An out-of-context video, in this hypothetical scenario, shows a school board member read from a book about “antiracism” that says the only way to address racism is through “discrimination” against White students or other racial majorities. Your new friends and acquaintances explain that the board member is promoting a radical kind of “reverse racism” against students who look like your student.
Could this explain why your student doesn’t seem to be getting the treatment you believe they should? Such a thought could naturally provoke feelings of outrage, anxiety, or even fear. These feelings might make it harder to step back towards objectivity.
Still, you might look into this concern in a rigorous way— maybe you recognize that claims about a conspiracy to disenfranchise White students or other demographic groups could cause real harm to social institutions, to the careers of administrators and educators, to the relationships in your community. You could find the original video of the entire board meeting, which is publicly available, and watch at least the entire remarks of the Board member.
Maybe you find out that the board member was closely paraphrasing a part of African American studies expert and author Ibram X. Kendi’s frequently-banned book How to Be an Antiracist. Maybe you also find out that, in the context of the quote— which turns out to be more of a paraphrase— the board member was not actually taking a position on whether Kendi was correct, but introducing Kendi’s thoughts, along with the thoughts of others, to try to illustrate the different perspectives on how to address the district’s disproportionately low test scores among Black male students.

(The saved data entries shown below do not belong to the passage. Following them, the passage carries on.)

text \<open>Otherwise a closest supported superset of B + {g}
  would contain a second new element f, contradicting superadditivity with d_f = 1.\<close>
lemma rayleigh_support_augment:
  assumes meas: "is_measure X \<mu>" and ray: "rayleigh X \<mu>"
    and B: "B \<subseteq> X" "\<mu> B > 0" and S: "B \<subseteq> S" "S \<subseteq> X" "\<mu> S > 0"
    and g: "g \<in> S - B"
  shows "\<mu> (insert g B) > 0"
proof (rule ccontr)
  assume not_pos: "\<not> \<mu> (insert g B) > 0"
  have finX: "finite X" using meas by (simp add: is_measure_def)
  define P where "P = (\<lambda>R. B \<union> {g} \<subseteq> R \<and> R \<subseteq> X \<and> \<mu> R > 0)"
  define R where "R = arg_min (\<lambda>R. card (R - B)) P"
  have "P S" using S g by (auto simp: P_def)
  then have PR: "P R" and R_min: "\<And>R'. P R' \<Longrightarrow> card (R - B) \<le> card (R' - B)"
    using arg_min_nat_lemma[of P S "\<lambda>R. card (R - B)"] unfolding R_def by auto
  have "R \<noteq> insert g B" using PR not_pos by (auto simp: P_def)
  then obtain f where f: "f \<in> R" "f \<notin> B" "f \<noteq> g" using PR by (auto simp: P_def)
  have "card (R - B) + 1 \<le> card (R - B)"
  proof (rule rayleigh_support_superadditive[OF meas ray B, of g f])
    show "1 \<le> card (R' - B)" if "B \<union> {f} \<subseteq> R'" "R' \<subseteq> X" for R'
    proof -
      have "f \<in> R' - B" "finite (R' - B)" using that f finX finite_subset by auto
      then show ?thesis by (simp add: Suc_le_eq card_gt_0_iff) blast
    qed
  qed (use PR R_min f g S in \<open>auto simp: P_def\<close>)
  then show False by simp
qed
(* Proof by the forward difference quotients of psi with steps 1 / (n + 1): they live on
   [a, b + 1], are bounded by L, converge to g off N, and their integrals tend to psi b - psi a. *)
lemma set_integral_FTC_lipschitz_off_countable:
  fixes \<psi> g :: "real \<Rightarrow> real"
  assumes ab: "a \<le> b" and N: "countable N" and cont: "continuous_on UNIV \<psi>"
    and lip: "L-lipschitz_on {a..b + 1} \<psi>"
    and deriv: "\<And>t. t \<in> {a<..<b} - N \<Longrightarrow> (\<psi> has_real_derivative g t) (at t)"
  shows "set_integrable lborel {a..b} g"
    and "(LINT t:{a..b}|lborel. g t) = \<psi> b - \<psi> a"
proof -
  define h where "h n = inverse (real (Suc n))" for n
  define D where "D n t = (\<psi> (t + h n) - \<psi> t) / h n" for n t
  have h: "0 < h n" "h n \<le> 1" for n
    by (auto simp: h_def field_simps)
  have h_lim: "filterlim h (at_right 0) sequentially"
    unfolding h_def using LIMSEQ_inverse_real_of_nat
    by (rule tendsto_imp_filterlim_at_right) auto
  have cont_D: "continuous_on {a..b} (D n)" for n
    unfolding D_def using h(1)[of n]
    by (intro continuous_intros continuous_on_compose2[OF cont]) auto
  have bound: "\<bar>D n t\<bar> \<le> L" if "t \<in> {a..b}" for n t
  proof -
    have "\<bar>\<psi> (t + h n) - \<psi> t\<bar> \<le> L * h n"
      using lipschitz_onD[OF lip, of "t + h n" t] that h[of n] by (simp add: dist_real_def)
    then show ?thesis
      using h[of n] by (simp add: D_def abs_divide divide_le_eq)
  qed
  have lim: "(\<lambda>n. D n t) \<longlonglongrightarrow> g t" if "t \<in> {a..b} - (N \<union> {a, b})" for t
  proof -
    have "((\<lambda>k. (\<psi> (t + k) - \<psi> t) / k) \<longlongrightarrow> g t) (at 0)"
      using deriv[of t] that by (auto simp: DERIV_def)
    then have "((\<lambda>k. (\<psi> (t + k) - \<psi> t) / k) \<longlongrightarrow> g t) (at_right 0)"
      by (simp add: filterlim_at_split)
    from filterlim_compose[OF this h_lim] show ?thesis
      by (simp add: D_def)
  qed
  have exc: "countable (N \<union> {a, b})"
    using N by simp
  note conv = set_integral_bounded_convergence_off_countable[OF exc cont_D bound lim]
  show "set_integrable lborel {a..b} g"
    using conv(1) .
  have "(LINT t:{a..b}|lborel. D n t) = integral {a..b} (D n)" for n
    by (intro set_borel_integral_eq_integral borel_integrable_atLeastAtMost' cont_D)
  moreover have "(\<lambda>n. integral {a..b} (D n)) \<longlonglongrightarrow> \<psi> b - \<psi> a"
    unfolding D_def
    by (rule filterlim_compose[OF integral_difference_quotient_tendsto[OF cont ab] h_lim])
  ultimately have "(\<lambda>n. LINT t:{a..b}|lborel. D n t) \<longlonglongrightarrow> \<psi> b - \<psi> a"
    by simp
  with conv(2) show "(LINT t:{a..b}|lborel. g t) = \<psi> b - \<psi> a"
    by (rule LIMSEQ_unique)
qed

lemma lipschitz_on_ln:
  assumes "0 < c"
  shows "(1 / c)-lipschitz_on {c..} ln"
proof (rule lipschitz_on_leI)
  fix u v :: real assume uv: "u \<in> {c..}" "v \<in> {c..}" "u \<le> v"
  with assms have "ln v - ln u \<le> (v - u) / u"
    by (intro ln_diff_le) auto
  also have "\<dots> \<le> (v - u) / c"
    using assms uv by (intro divide_left_mono) auto
  finally show "dist (ln u) (ln v) \<le> 1 / c * dist u v"
    using assms uv by (simp add: dist_real_def)
qed (use assms in simp)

Maybe you go even a further step and look at data available on the Department of Education website that shows that, in fact, Black male students are scoring disproportionately lower than other students in the district. (You might go an even further step and read a report from the State Department that acknowledges some statistical biases in the test being used against Black male students.)

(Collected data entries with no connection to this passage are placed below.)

lemma exists_bounded_int_nonneg_sol:
  fixes v :: "'u \<Rightarrow> rat" and K :: int
  assumes "finite U" and "finite C" and "\<forall>c\<in>C. e c \<longrightarrow> b c = 0"
    and "\<forall>c\<in>C. 0 \<le> b c \<and> b c \<le> K" and "\<forall>c\<in>C. \<forall>u\<in>U. \<bar>a c u\<bar> \<le> K"
    and "nonneg_sol U C a e b v"
  obtains w :: "'u \<Rightarrow> int" and n where "nonneg_sol U C a e b w"
    and "card (nonzeros U w) \<le> n" and "n \<le> card C"
    and "\<forall>u\<in>U. \<bar>w u\<bar> \<le> fact n * (int (card C) * K\<^sup>2) ^ n"
proof -
  obtain v' where "nonneg_sol U C a e b v'" and "basic U C a b v'"
    by (rule exists_basic_nonneg_sol[OF assms(1,2,6)])
  then show thesis using that by (rule basic_nonneg_sol_integral[OF assms(1-5)])
qed

section \<open>The system \<open>\<Gamma>\<close>\<close>

definition x_row :: "nat \<Rightarrow> ('a \<Rightarrow> nat) set \<Rightarrow> (('a \<Rightarrow> nat) \<Rightarrow> int) \<Rightarrow> 'a unknown \<Rightarrow> int" where
  "x_row j T f u = (case u of XU j' t \<Rightarrow> if j' = j \<and> t \<in> T then f t else 0 | YU _ _ \<Rightarrow> 0)"

lemma lin_form_x_row:
  assumes "finite U" and "XU j ` T \<subseteq> U"
  shows "lin_form U (x_row j T f) v = (\<Sum>t\<in>T. of_int (f t) * v (XU j t))"
proof -
  have "lin_form U (x_row j T f) v = (\<Sum>u\<in>XU j ` T. of_int (x_row j T f u) * v u)"
    unfolding lin_form_def using assms
    by (intro sum.mono_neutral_right) (auto simp: x_row_def split: unknown.splits)
  also have "\<dots> = (\<Sum>t\<in>T. of_int (f t) * v (XU j t))"
    by (subst sum.reindex) (auto simp: inj_on_def x_row_def)
  finally show ?thesis .
qed

(* (E0) is encoded as Y - (sum of theta'(alpha) X) = 0 and (E2) as Y_j - Y_l >= 0. *)
definition gamma_coeff ::
  "nat \<Rightarrow> (nat \<Rightarrow> ('a \<Rightarrow> nat) set) \<Rightarrow> nat \<Rightarrow> ('a \<Rightarrow> nat) \<Rightarrow> 'a constr \<Rightarrow> 'a unknown \<Rightarrow> int" where
  "gamma_coeff M Theta i th c = (case c of
      C0 j x \<Rightarrow> (\<lambda>u. of_bool (u = YU j x) - x_row j (Theta j) (\<lambda>t. int (t x)) u)
    | C1 j x \<Rightarrow> (if royal M (Theta j) x then (\<lambda>u. of_bool (u = YU j x))
                else x_row j {t \<in> Theta j. t x = M} (\<lambda>_. 1))
    | C2 j l x \<Rightarrow> (\<lambda>u. of_bool (u = YU j x) - of_bool (u = YU l x))
    | C3 \<Rightarrow> (\<lambda>u. of_bool (u = XU i th)))"

definition gamma_is_eq :: "'a constr \<Rightarrow> bool" where
  "gamma_is_eq c = (case c of C0 _ _ \<Rightarrow> True | _ \<Rightarrow> False)"

definition gamma_rhs :: "'a constr \<Rightarrow> int" where
  "gamma_rhs c = (case c of C1 _ _ \<Rightarrow> 1 | C3 \<Rightarrow> 1 | _ \<Rightarrow> 0)"

lemma finite_Theta:
  assumes "finite A" and "\<forall>t\<in>Theta j. counting_type A M t"
  shows "finite (Theta j)"
proof (rule finite_subset)
  show "Theta j \<subseteq> {f. \<forall>x. (x \<in> A \<longrightarrow> f x \<in> {0..M}) \<and> (x \<notin> A \<longrightarrow> f x = 0)}"
    using assms(2) unfolding counting_type_def by auto
  show "finite {f. \<forall>x. (x \<in> A \<longrightarrow> f x \<in> {0..M}) \<and> (x \<notin> A \<longrightarrow> f x = (0::nat))}"
    using assms(1) by (intro finite_set_of_finite_funs) auto
qed

lemma finite_unknowns:
  assumes "finite A" and "\<forall>j\<in>{1..k}. \<forall>t\<in>Theta j. counting_type A M t"
  shows "finite (unknowns A k Theta)"
proof -
  have "unknowns A k Theta \<subseteq> (\<Union>j\<in>{1..k}. XU j ` Theta j) \<union> (\<lambda>(j, x). YU j x) ` ({1..k} \<times> A)"
    unfolding unknowns_def types_of_tuple_def by auto
  moreover have "finite (\<Union>j\<in>{1..k}. XU j ` Theta j)"
  proof (intro finite_UN_I finite_imageI)
    fix j assume "j \<in> {1..k}"
    with assms(2) show "finite (Theta j)" by (intro finite_Theta[OF assms(1)]) blast
  qed simp
  ultimately show ?thesis using assms(1) finite_subset by blast
qed

lemma finite_constrs:
  assumes "finite A"
  shows "finite (constrs A M k Theta)"
proof (rule finite_subset)
  show "constrs A M k Theta \<subseteq> (\<lambda>(j, x). C0 j x) ` ({1..k} \<times> A) \<union> (\<lambda>(j, x). C1 j x) ` ({1..k} \<times> A)
      \<union> (\<lambda>(j, l, x). C2 j l x) ` ({1..k} \<times> {1..k} \<times> A) \<union> {C3}"
    unfolding constrs_def types_of_tuple_def by (auto simp: image_iff)
qed (use assms in simp)

lemma sat_constr_iff_gamma:
  fixes v :: "'a unknown \<Rightarrow> 'v::linordered_idom"
  assumes fU: "finite (unknowns A k Theta)" and "i \<in> {1..k}" and "th \<in> Theta i"
    and c: "c \<in> constrs A M k Theta"
  shows "sat_constr M Theta i th v c \<longleftrightarrow>
    (if gamma_is_eq c then lin_form (unknowns A k Theta) (gamma_coeff M Theta i th c) v = of_int (gamma_rhs c)
     else of_int (gamma_rhs c) \<le> lin_form (unknowns A k Theta) (gamma_coeff M Theta i th c) v)"
proof -
  let ?U = "unknowns A k Theta"
  have X: "XU j ` T \<subseteq> ?U" if "j \<in> {1..k}" "T \<subseteq> Theta j" for j T
    using that unfolding unknowns_def by auto
  have Y: "YU j x \<in> ?U" if "j \<in> {1..k}" "x \<in> types_of_tuple A k Theta" for j x
    using that unfolding unknowns_def by auto
  show ?thesis
  proof (cases c)
    case (C0 j x)
    with c have "j \<in> {1..k}" "x \<in> types_of_tuple A k Theta" unfolding constrs_def by auto
    then show ?thesis unfolding C0
      by (simp add: gamma_coeff_def gamma_is_eq_def gamma_rhs_def lin_form_diff
          lin_form_indicator[OF fU Y] lin_form_x_row[OF fU X])
  next
    case (C1 j x)
    with c have "j \<in> {1..k}" "x \<in> types_of_tuple A k Theta" unfolding constrs_def by auto
    then show ?thesis unfolding C1
      by (simp add: gamma_coeff_def gamma_is_eq_def gamma_rhs_def
          lin_form_indicator[OF fU Y] lin_form_x_row[OF fU X])
  next
    case (C2 j l x)
    with c have "j \<in> {1..k}" "l \<in> {1..k}" "x \<in> types_of_tuple A k Theta" unfolding constrs_def by auto
    then show ?thesis unfolding C2
      by (simp add: gamma_coeff_def gamma_is_eq_def gamma_rhs_def lin_form_diff lin_form_indicator[OF fU Y])
  next
    case C3
    have "XU i th \<in> ?U" using assms(2,3) unfolding unknowns_def by auto
    then show ?thesis unfolding C3
      by (simp add: gamma_coeff_def gamma_is_eq_def gamma_rhs_def lin_form_indicator[OF fU])
  qed
qed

Perhaps you take the even more unlikely step of reading longer passages from Kendi’s book, as well as from the other books the board member quotes. Perhaps you don’t agree with everything you read, and don’t necessarily agree with the board member’s framing, either. But you also know now that it wasn’t true that the board member (or Kendi) was arguing for racial prejudice against students, as the social media group argued, or that the board member was presenting Kendi’s argument as the only one to consider.
The simple narrative is no longer possible to support. And now, perhaps, though you know, rationally, that it’s good to have a clearer idea of what’s going on, you have legitimately lost something of value: the feeling that you understood what was happening. That you knew who you could go to with your concerns, that perhaps your anxiety and even anger were justified. That your new friends and acquaintances had your back and were offering you a solution.
This emotional resonance may be the reason conspiratorial thinking has become so mainstreamed.
During the past week’s congressional hearings, which led up to President Trump’s announcement she would be removed from her office, DHS Secretary Kristi Noem repeatedly explained away news outlets that reported negatively on her actions (including the conservative- leaning Wall Street Journal) as “tabloids”.
Despite this, many strong proponents of ICE, like North Carolina Senator Thom Tillis, called Noem’s performance as Secretary disastrous.
While it’s hard to argue with this assessment, it may also be, itself an example of the appeal of conspiratorial thinking: making Noem a scapegoat creates an easy narrative of incompetence that doesn’t necessarily have to deal with legitimate challenges to the policies on immigration coming from this administration. Tillis and others continued to support the underlying premise that has driven Noem’s tenure: the belief that US crime is being significantly driven by an influx of “illegal criminal aliens”.
For example, Tillis said during his questioning of Noem, “So why am I disappointed with Secretary Noem? Because we're not going after enough people who did this damage at the expense of running numbers that Stephen Miller wants out of the White House.”
By referencing “people who did this damage,” Tillis relied on an implicit assumption, which he did not support, that there are a significant number of undocumented immigrants in America who are driving crime in such a way that federal immigration policy should be focused on arresting them. He did not test his theory about the cause of crime with evidence that could help support or debunk it.
Existing data does not support this assumption.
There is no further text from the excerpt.